TRY IT:
Where a line contains the word "blast", copy that line from the records below.

■ ■ ■ ■

lemma power_le_half_power:
  fixes \<eta> A Q :: real
  assumes "0 < \<eta>" and "0 < K" and "2 \<le> s"
    and A: "1 \<le> A" "exp 1 / (2 * \<eta>) \<le> A" and Q: "Q = A\<^sup>2 * exp 3 / (2 * \<eta>)"
    and small: "Q * (real s / real K) \<le> 1/16"
  shows "(exp 1 / (2 * \<eta>)) ^ s * (exp 3 * (real s / real K / (2 * \<eta>))) ^ (s div 2)
    \<le> 64 * A * Q / real K * (1/2) ^ s"
proof -
  define t where "t = s div 2"
  define r where "r = real s / real K"
  have "0 < t" "s \<le> 2 * t + 1"
    using \<open>2 \<le> s\<close> by (auto simp: t_def)
  have "0 \<le> Q * r"
    using Q \<open>0 < \<eta>\<close> by (simp add: r_def)
  have "(exp 1 / (2 * \<eta>)) ^ s \<le> A ^ s"
    using A \<open>0 < \<eta>\<close> by (intro power_mono) auto
  also have "\<dots> \<le> A ^ (2 * t + 1)"
    using A \<open>s \<le> 2 * t + 1\<close> by (intro power_increasing) auto
  finally have "(exp 1 / (2 * \<eta>)) ^ s \<le> A ^ (2 * t + 1)" .
  then have "(exp 1 / (2 * \<eta>)) ^ s * (exp 3 * (r / (2 * \<eta>))) ^ t
      \<le> A ^ (2 * t + 1) * (exp 3 * (r / (2 * \<eta>))) ^ t"
    using \<open>0 < \<eta>\<close> \<open>2 \<le> s\<close> by (intro mult_right_mono) (auto simp: r_def)
  also have "\<dots> = A * (A\<^sup>2 * (exp 3 * (r / (2 * \<eta>)))) ^ t"
    by (simp only: power_add power_one_right power_mult_distrib mult_ac flip: power_mult)
  also have "\<dots> = A * (Q * r) ^ t"
    by (simp add: Q mult.assoc)
  also have "\<dots> = A * (Q * r) * (Q * r) ^ (t - 1)"
    using \<open>0 < t\<close> by (simp add: power_eq_if)
  also have "\<dots> \<le> A * (Q * r) * (1/16) ^ (t - 1)"
  proof (intro mult_left_mono power_mono)
    show "Q * r \<le> 1/16"
      using small by (simp add: r_def)
  qed (use \<open>1 \<le> A\<close> \<open>0 \<le> Q * r\<close> in auto)
  also have "\<dots> = A * Q / real K * (real s * (1/16) ^ (t - 1))"
    by (simp add: r_def)
  also have "\<dots> \<le> A * Q / real K * (64 * (1/2) ^ s)"
    using mult_sixteenth_power_le[OF \<open>2 \<le> s\<close>] A Q \<open>0 < \<eta>\<close>
    by (intro mult_left_mono) (auto simp: t_def)
  finally show ?thesis
    by (simp add: r_def t_def mult_ac)
qed

definition blocks_in ::
  "nat \<Rightarrow> (nat \<Rightarrow> bool) set \<Rightarrow> (nat \<Rightarrow> bool) set \<Rightarrow> (nat \<Rightarrow> bool) set \<Rightarrow> (nat \<Rightarrow> bool) \<Rightarrow> bool" where
  "blocks_in b T1 T2 T3 v \<longleftrightarrow> hashc b 1 v \<in> T1 \<and> hashc b 2 v \<in> T2 \<and> hashc b 3 v \<in> T3"

lemma block_decomposition:
  fixes C b j :: nat
  assumes "j \<in> {1..C * b}"
  shows "\<exists>c\<in>{1..C}. \<exists>i\<in>{1..b}. j = (c - 1) * b + i"
proof -
  have "0 < b"
    using assms by (cases b) auto
  have "(j - 1) div b < C"
    using assms \<open>0 < b\<close> by (auto simp: div_less_iff_less_mult)
  then have "(j - 1) div b + 1 \<in> {1..C}"
    by simp
  moreover have "(j - 1) mod b + 1 \<in> {1..b}"
    using \<open>0 < b\<close> by (simp add: Suc_leI)
  moreover have "j = ((j - 1) div b + 1 - 1) * b + ((j - 1) mod b + 1)"
    using assms by simp
  ultimately show ?thesis
    by blast
qed

lemma PiE_eq_if_hashc_eq:
  assumes "v \<in> {1..n} \<rightarrow>\<^sub>E (UNIV :: bool set)" and "w \<in> {1..n} \<rightarrow>\<^sub>E (UNIV :: bool set)"
    and hash_eq: "\<forall>c\<in>{1..C}. hashc b c v = hashc b c w"
    and tail_eq: "\<forall>j\<in>{C * b<..n}. v j = w j"
  shows "v = w"
proof
  fix j
  show "v j = w j"
  proof (cases "j \<in> {1..C * b}")
    case True
    then obtain c i where "c \<in> {1..C}" "i \<in> {1..b}" and j: "j = (c - 1) * b + i"
      using block_decomposition by blast
    then show ?thesis
      using fun_cong[OF bspec[OF hash_eq], of c i] by (simp add: hashc_def)
  next
    case False
    then show ?thesis
      using assms(1,2) tail_eq by (cases "j \<in> {1..n}") (auto simp: PiE_def extensional_def)
  qed
qed

lemma card_blocks_in_le:
  assumes "3 * b \<le> n" and "finite T1" "finite T2" "finite T3"
  shows "card {v \<in> {1..n} \<rightarrow>\<^sub>E (UNIV :: bool set). blocks_in b T1 T2 T3 v}
    \<le> card T1 * card T2 * card T3 * 2 ^ (n - 3 * b)"
proof -
  let ?A = "{v \<in> {1..n} \<rightarrow>\<^sub>E (UNIV :: bool set). blocks_in b T1 T2 T3 v}"
  define f where "f v = (hashc b 1 v, hashc b 2 v, hashc b 3 v, restrict v {3 * b<..n})"
    for v :: "nat \<Rightarrow> bool"
  have "inj_on f ?A"
  proof (rule inj_onI)
    fix v w assume "v \<in> ?A" "w \<in> ?A" "f v = f w"
    moreover have "\<forall>j\<in>{3 * b<..n}. v j = w j"
      using \<open>f v = f w\<close> by (metis f_def restrict_apply' snd_conv)
    moreover have "{1..3::nat} = {1, 2, 3}"
      by auto
    ultimately show "v = w"
      by (intro PiE_eq_if_hashc_eq[where C = 3]) (auto simp: f_def)
  qed
  moreover have "f ` ?A \<subseteq> T1 \<times> T2 \<times> T3 \<times> ({3 * b<..n} \<rightarrow>\<^sub>E (UNIV :: bool set))"
    by (auto simp: f_def blocks_in_def)
  ultimately have "card ?A \<le> card (T1 \<times> T2 \<times> T3 \<times> ({3 * b<..n} \<rightarrow>\<^sub>E (UNIV :: bool set)))"
    using assms by (intro card_inj_on_le) (auto simp: finite_PiE)
  also have "\<dots> = card T1 * card T2 * card T3 * 2 ^ (n - 3 * b)"
    by (simp add: card_cartesian_product card_PiE)
  finally show ?thesis .
qed

lemma card_idx_space_confined:
  assumes "S \<subseteq> {0..<K}"
  shows "card {k \<in> idx_space K n. \<forall>i\<in>S. P (k i)}
    = card {v \<in> {1..n} \<rightarrow>\<^sub>E (UNIV :: bool set). P v} ^ card S * 2 ^ (n * (K - card S))"
proof -
  let ?V = "{1..n} \<rightarrow>\<^sub>E (UNIV :: bool set)"
  have finite_S: "finite S"
    using assms finite_subset by blast
  have "{k \<in> idx_space K n. \<forall>i\<in>S. P (k i)} = PiE {0..<K} (\<lambda>i. if i \<in> S then {v \<in> ?V. P v} else ?V)"
    using assms by (auto simp: idx_space_def PiE_iff split: if_splits intro: extensional_arb)
  then have "card {k \<in> idx_space K n. \<forall>i\<in>S. P (k i)}
      = (\<Prod>i\<in>{0..<K}. if i \<in> S then card {v \<in> ?V. P v} else card ?V)"
    by (simp add: card_PiE if_distrib)
  also have "\<dots> = card {v \<in> ?V. P v} ^ card S * card ?V ^ (K - card S)"
    using assms finite_S
    by (simp add: prod.If_cases Int_absorb1 Diff_eq[symmetric] card_Diff_subset)
  finally show ?thesis
    by (simp add: card_PiE power_mult)
qed

definition block_sets :: "nat \<Rightarrow> nat \<Rightarrow> (nat \<Rightarrow> bool) set set" where
  "block_sets b t = {T. T \<subseteq> {1..b} \<rightarrow>\<^sub>E (UNIV :: bool set) \<and> card T = t}"

lemma finite_block_sets: "finite (block_sets b t)"
  by (rule finite_subset[of _ "Pow ({1..b} \<rightarrow>\<^sub>E UNIV)"]) (auto simp: block_sets_def finite_PiE)

lemma card_block_sets: "card (block_sets b t) = 2 ^ b choose t"
  using n_subsets[of "{1..b} \<rightarrow>\<^sub>E (UNIV :: bool set)" t] by (simp add: block_sets_def finite_PiE card_PiE)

■ ■ ■ ■

YOUR RESPONSE:
    by blast
      using block_decomposition by blast
    using assms finite_subset by blast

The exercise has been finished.